Пока я писал это, на периферии моего сознания постоянно крутился один вопрос. В чем же разница между поп-артом и постмодернистским искусством Джеффа Кунса? В конце концов, и то и другое занимается разрушением иерархии ценностей, и то и другое использует в качестве сырья популярную культуру (шелкографии с вооруженным Элвисом у Уорхола, и скульптура позолоченного Майкла Джексона с домашней обезьяной у Кунса в этом отношении вроде бы ничем не отличаются). Но мне кажется, что между Уорхолом и Кунсом есть ключевое различие. Можно предположить, что, уничтожая различия между высокой и низкой культурой, Уорхол и другие художники поп-арта шли в авангарде того, что Люк Болтански и Эв Кьяпелло в книге Новый дух капитализма называли «художественной критикой» капитализма[298]. В 1980-е годы, к тому времени, когда Кунс привлек внимание к своим работам, эта критика утратила свою подрывную силу — фактически она вообще больше не заслуживала называться «критикой». Работы Кунса могут внешне не сильно отличаться от классического поп-арта; в конце концов, еще в 1984 году, задолго до того, как Кунс выпустил свою коллекцию сумок Louis Vuitton, украшенных произведениями старых мастеров, Уорхол поставил на один уровень с иконами модерна, которых он изображал и размножал на своих предыдущих шелкографиях, таких как Элизабет Тейлор, Мэрилин Монро или Елизавета II, Венеру Боттичелли, работу, которая считается одним из самых влиятельных образов эпохи Возрождения, фактически породившим последующую эпоху великих мастеров. Но работы Кунса — постмодернизм в том смысле, который я пытаюсь раскрыть в этой книге, а именно инструмент, служащий апроприации и нейтрализации критики, и тем самым они становятся культурным инструментом капитализма.

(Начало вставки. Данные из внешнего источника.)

(* Let $S$ be a set of $n$ points in the plane in convex position. Then the number of non-crossing path partitions (ncp partitions) that $S$ admits is $\mathcal{O}^*(5.610718614^n)$.
   Context: A non-crossing graph on a finite point set $S$ in the plane is a graph with vertex set $S$ whose edges are straight line segments, no two of which cross. A non-crossing path partition (ncp partition) of $S$ is a non-crossing graph on $S$ every connected component of which is a path; isolated vertices (singletons) are allowed and are regarded as paths of length $0$. The notation $\mathcal{O}^*(c^n)$ means $O(p(n)\,c^n)$ for some polynomial $p$, i.e. polynomial factors are neglected and only the dominating exponential term is given. *)

theory Defs
  imports "HOL-Analysis.Analysis"
begin

type_synonym point = "real \<times> real"

definition convex_position :: "point set \<Rightarrow> bool" where
  "convex_position S \<longleftrightarrow> (\<forall>p\<in>S. p \<notin> convex hull (S - {p}))"

text \<open>Straight-line edges on S are 2-element subsets of S; the drawn edge is their convex hull
  (the closed segment).\<close>
definition edges_on :: "point set \<Rightarrow> point set set \<Rightarrow> bool" where
  "edges_on S E \<longleftrightarrow> (\<forall>e\<in>E. \<exists>a b. a \<in> S \<and> b \<in> S \<and> a \<noteq> b \<and> e = {a, b})"

definition non_crossing :: "point set set \<Rightarrow> bool" where
  "non_crossing E \<longleftrightarrow>
     (\<forall>e1\<in>E. \<forall>e2\<in>E. e1 \<noteq> e2 \<longrightarrow> convex hull e1 \<inter> convex hull e2 \<subseteq> e1 \<inter> e2)"

definition adj :: "point set set \<Rightarrow> (point \<times> point) set" where
  "adj E = {(a, b). {a, b} \<in> E}"

definition component :: "point set \<Rightarrow> point set set \<Rightarrow> point \<Rightarrow> point set" where
  "component S E v = {w \<in> S. (v, w) \<in> (adj E)\<^sup>*}"

definition is_path_component :: "point set set \<Rightarrow> point set \<Rightarrow> bool" where
  "is_path_component E C \<longleftrightarrow>
     (\<exists>vs. distinct vs \<and> set vs = C \<and>
        {e \<in> E. e \<subseteq> C} = {{vs ! i, vs ! Suc i} | i. Suc i < length vs})"

definition ncp_partition :: "point set \<Rightarrow> point set set \<Rightarrow> bool" where
  "ncp_partition S E \<longleftrightarrow> edges_on S E \<and> non_crossing E \<and>
     (\<forall>v\<in>S. is_path_component E (component S E v))"

end

theory Submission
  imports Defs
begin
(* Let $H,A$ be as in the context and $L\subseteq\ker\epsilon\subset H$ a subspace stable under the quantum double action $h\triangleright x=h_{(1)}xSh_{(2)}$, $a\triangleright x=\langle a,x_{(1)}\rangle x_{(2)}-\langle a,x\rangle1$. Define $[\ ,\ ]:L\otimes L\to L$ by $[x,y]=x_{(1)}\,y\,Sx_{(2)}$ and $\Psi:L\otimes L\to L\otimes L$ by \[\Psi(x\otimes y)=[x_{(1)},y]\otimes x_{(2)}-[x,y]\otimes 1\] (which equals $\sum_a e_a\triangleright y\otimes f^a\triangleright x$ for dual bases $\{e_a\}$ of $H$, $\{f^a\}$ of $A$, and so takes values in $L\otimes L$; here $[h,y]:=h_{(1)}ySh_{(2)}$ for $h\in H$). Then for all $x,y,z\in L$, \[[x,[y,z]]=[[x,y],z]+([\ ,[\ ,z]])\circ\Psi(x\otimes y),\qquad [x,y]=xy-\cdot\,\Psi(x\otimes y),\] where $[\ ,[\ ,z]](u\otimes v)=[u,[v,z]]$ and $\cdot$ is multiplication in $H$.
   Context: $H,A$ are Hopf algebras over $\mathbb{C}$ with invertible antipodes, non-degenerately paired by a Hopf pairing $\langle\ ,\ \rangle$; Sweedler notation. $\Psi$ is the quantum double braiding on $L\otimes L$. *)

theory Defs
  imports Main "HOL.Complex"
begin

text \<open>
  An element of V (x) W is represented by a finite list of pairs (v_i, w_i), standing
  for the sum of the simple tensors v_i (x) w_i.  Two representatives denote the same
  tensor iff they agree on every bilinear form V x W -> C (tensor_eq).
  The coproduct is a map returning such a representative; Sweedler sums
  x_(1) (x) x_(2) are sums over the list Delta x.
\<close>

definition lin_form :: "(complex \<Rightarrow> 'v \<Rightarrow> 'v::ab_group_add) \<Rightarrow> ('v \<Rightarrow> complex) \<Rightarrow> bool" where
  "lin_form sc f \<longleftrightarrow> (\<forall>x y. f (x + y) = f x + f y) \<and> (\<forall>c x. f (sc c x) = c * f x)"

definition lin_map :: "(complex \<Rightarrow> 'v \<Rightarrow> 'v::ab_group_add) \<Rightarrow> (complex \<Rightarrow> 'w \<Rightarrow> 'w::ab_group_add)
    \<Rightarrow> ('v \<Rightarrow> 'w) \<Rightarrow> bool" where
  "lin_map sv sw f \<longleftrightarrow> (\<forall>x y. f (x + y) = f x + f y) \<and> (\<forall>c x. f (sv c x) = sw c (f x))"

definition bilin_form :: "(complex \<Rightarrow> 'v \<Rightarrow> 'v::ab_group_add) \<Rightarrow> (complex \<Rightarrow> 'w \<Rightarrow> 'w::ab_group_add)
    \<Rightarrow> ('v \<Rightarrow> 'w \<Rightarrow> complex) \<Rightarrow> bool" where
  "bilin_form sv sw b \<longleftrightarrow> (\<forall>y. lin_form sv (\<lambda>x. b x y)) \<and> (\<forall>x. lin_form sw (b x))"

definition trilin_form :: "(complex \<Rightarrow> 'v \<Rightarrow> 'v::ab_group_add) \<Rightarrow> ('v \<Rightarrow> 'v \<Rightarrow> 'v \<Rightarrow> complex) \<Rightarrow> bool" where
  "trilin_form sv t \<longleftrightarrow> (\<forall>y z. lin_form sv (\<lambda>x. t x y z)) \<and> (\<forall>x z. lin_form sv (\<lambda>y. t x y z))
      \<and> (\<forall>x y. lin_form sv (t x y))"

Кунс производит не искусство «Великого Отказа», а искусство «Великого Приятия». «Императив принятия себя критически важен», — как он сказал однажды куратору Норману Розенталю.

Мотивация искусства состоит в устранении любого вида вины или стыда, а также всего, что мешало людям прошлого иметь дело с собой и просто принять себя. Очень важно попытаться избавиться от этих чувств, если у вас есть желание действовать вне своего «я». Если вы сможете отправиться в глубь своего «я», вы в конце концов достигнете его дна, и искусство — отличный инструмент для этого[299].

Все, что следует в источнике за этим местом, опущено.